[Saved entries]
#####

lemma sign_involution:
  assumes "\<And>x. f (f x) = x" and "finite {x. f x \<noteq> x}"
  shows "sign f = (-1::int) ^ (card {x. f x \<noteq> x} div 2)"
  using assms
proof (induction "card {x. f x \<noteq> x}" arbitrary: f rule: less_induct)
  case less
  show ?case
  proof (cases "\<exists>x. f x \<noteq> x")
    case False
    then have "f = id" by auto
    then show ?thesis by simp
  next
    case True
    then obtain x where x: "f x \<noteq> x" by blast
    define g where "g = Transposition.transpose x (f x) \<circ> f"
    have g: "g z = (if z = x \<or> z = f x then z else f z)" for z
      unfolding g_def by (rule transpose_comp_involution) (rule less.prems(1))
    have g_involution: "g (g z) = z" for z
    proof (cases "z = x \<or> z = f x")
      case False
      then have "f z \<noteq> x" "f z \<noteq> f x"
        using less.prems(1) by metis+
      then show ?thesis
        using False by (simp add: g less.prems(1))
    qed (auto simp: g)
    have moved_g: "{z. g z \<noteq> z} = {z. f z \<noteq> z} - {x, f x}"
      by (auto simp: g)
    have x_moved: "{x, f x} \<subseteq> {z. f z \<noteq> z}"
      using x by (auto simp: less.prems(1))
    have card_pair: "card {x, f x} = 2"
      using x by simp
    have "card {z. g z \<noteq> z} = card {z. f z \<noteq> z} - 2"
      unfolding moved_g card_pair[symmetric] by (rule card_Diff_subset[OF _ x_moved]) simp
    moreover have "2 \<le> card {z. f z \<noteq> z}"
      unfolding card_pair[symmetric] by (rule card_mono[OF less.prems(2) x_moved])
    ultimately have card_moved_g: "card {z. g z \<noteq> z} + 2 = card {z. f z \<noteq> z}"
      by simp
    have finite_g: "finite {z. g z \<noteq> z}"
      using less.prems(2) by (simp add: moved_g)
    have IH: "sign g = (-1::int) ^ (card {z. g z \<noteq> z} div 2)"
      using card_moved_g g_involution finite_g by (intro less.hyps) auto
    have "permutation g"
      using g_involution finite_g by (metis bijI' permutation)
    then have "sign (Transposition.transpose x (f x) \<circ> g) = - sign g"
      using x by (simp add: sign_compose permutation_swap_id sign_swap_id)
    moreover have "Transposition.transpose x (f x) \<circ> g = f"
      by (auto simp: g_def)
    ultimately have "sign f = - sign g"
      by simp
    then show ?thesis
      by (simp add: IH flip: card_moved_g)
  qed
qed

definition swap_pair :: "nat \<Rightarrow> nat \<Rightarrow> nat" where
  "swap_pair n r = (if r < n*n then (r mod n)*n + r div n else r)"

lemma swap_pair_less: "r < n*n \<Longrightarrow> swap_pair n r < n*n"
  by (simp add: swap_pair_def pair_component_less pair_index_less)

lemma swap_pair_div [simp]: "r < n*n \<Longrightarrow> swap_pair n r div n = r mod n"
  and swap_pair_mod [simp]: "r < n*n \<Longrightarrow> swap_pair n r mod n = r div n"
  using pair_component_less[of r n] by (simp_all add: swap_pair_def)

lemma swap_pair_swap_pair [simp]: "swap_pair n (swap_pair n r) = r"
proof (cases "r < n*n")
  case True
  then have "swap_pair n (swap_pair n r) = (r div n)*n + r mod n"
    by (simp add: swap_pair_def[of n "swap_pair n r"] swap_pair_less)
  then show ?thesis by simp
qed (simp add: swap_pair_def)

lemma swap_pair_permutes: "swap_pair n permutes {0..<n*n}"
proof (rule bij_imp_permutes)
  show "bij_betw (swap_pair n) {0..<n*n} {0..<n*n}"
    by (rule bij_betw_byWitness[of _ "swap_pair n"]) (auto simp: swap_pair_less)
qed (simp add: swap_pair_def)

lemma swap_pair_moved: "{r. swap_pair n r \<noteq> r} = {..<n*n} - (\<lambda>i. i*n + i) ` {..<n}"
proof -
  have "swap_pair n r = r \<longleftrightarrow> r div n = r mod n" if "r < n*n" for r
    using that by (metis div_mult_mod_eq swap_pair_def swap_pair_div)
  moreover have "r \<in> (\<lambda>i. i*n + i) ` {..<n} \<longleftrightarrow> r < n*n \<and> r div n = r mod n" for r
  proof
    assume r: "r < n*n \<and> r div n = r mod n"
    then have "r = (r div n)*n + r div n"
      by (metis div_mult_mod_eq)
    moreover have "r div n < n"
      using r pair_component_less by blast
    ultimately show "r \<in> (\<lambda>i. i*n + i) ` {..<n}" by blast
  qed (auto simp: pair_index_less)
  ultimately show ?thesis
    by (auto simp: swap_pair_def)
qed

#####

Task prompt
Using the records given above, list every line that includes the word "where".

Response to this task
    then obtain x where x: "f x \<noteq> x" by blast
    define g where "g = Transposition.transpose x (f x) \<circ> f"
definition swap_pair :: "nat \<Rightarrow> nat \<Rightarrow> nat" where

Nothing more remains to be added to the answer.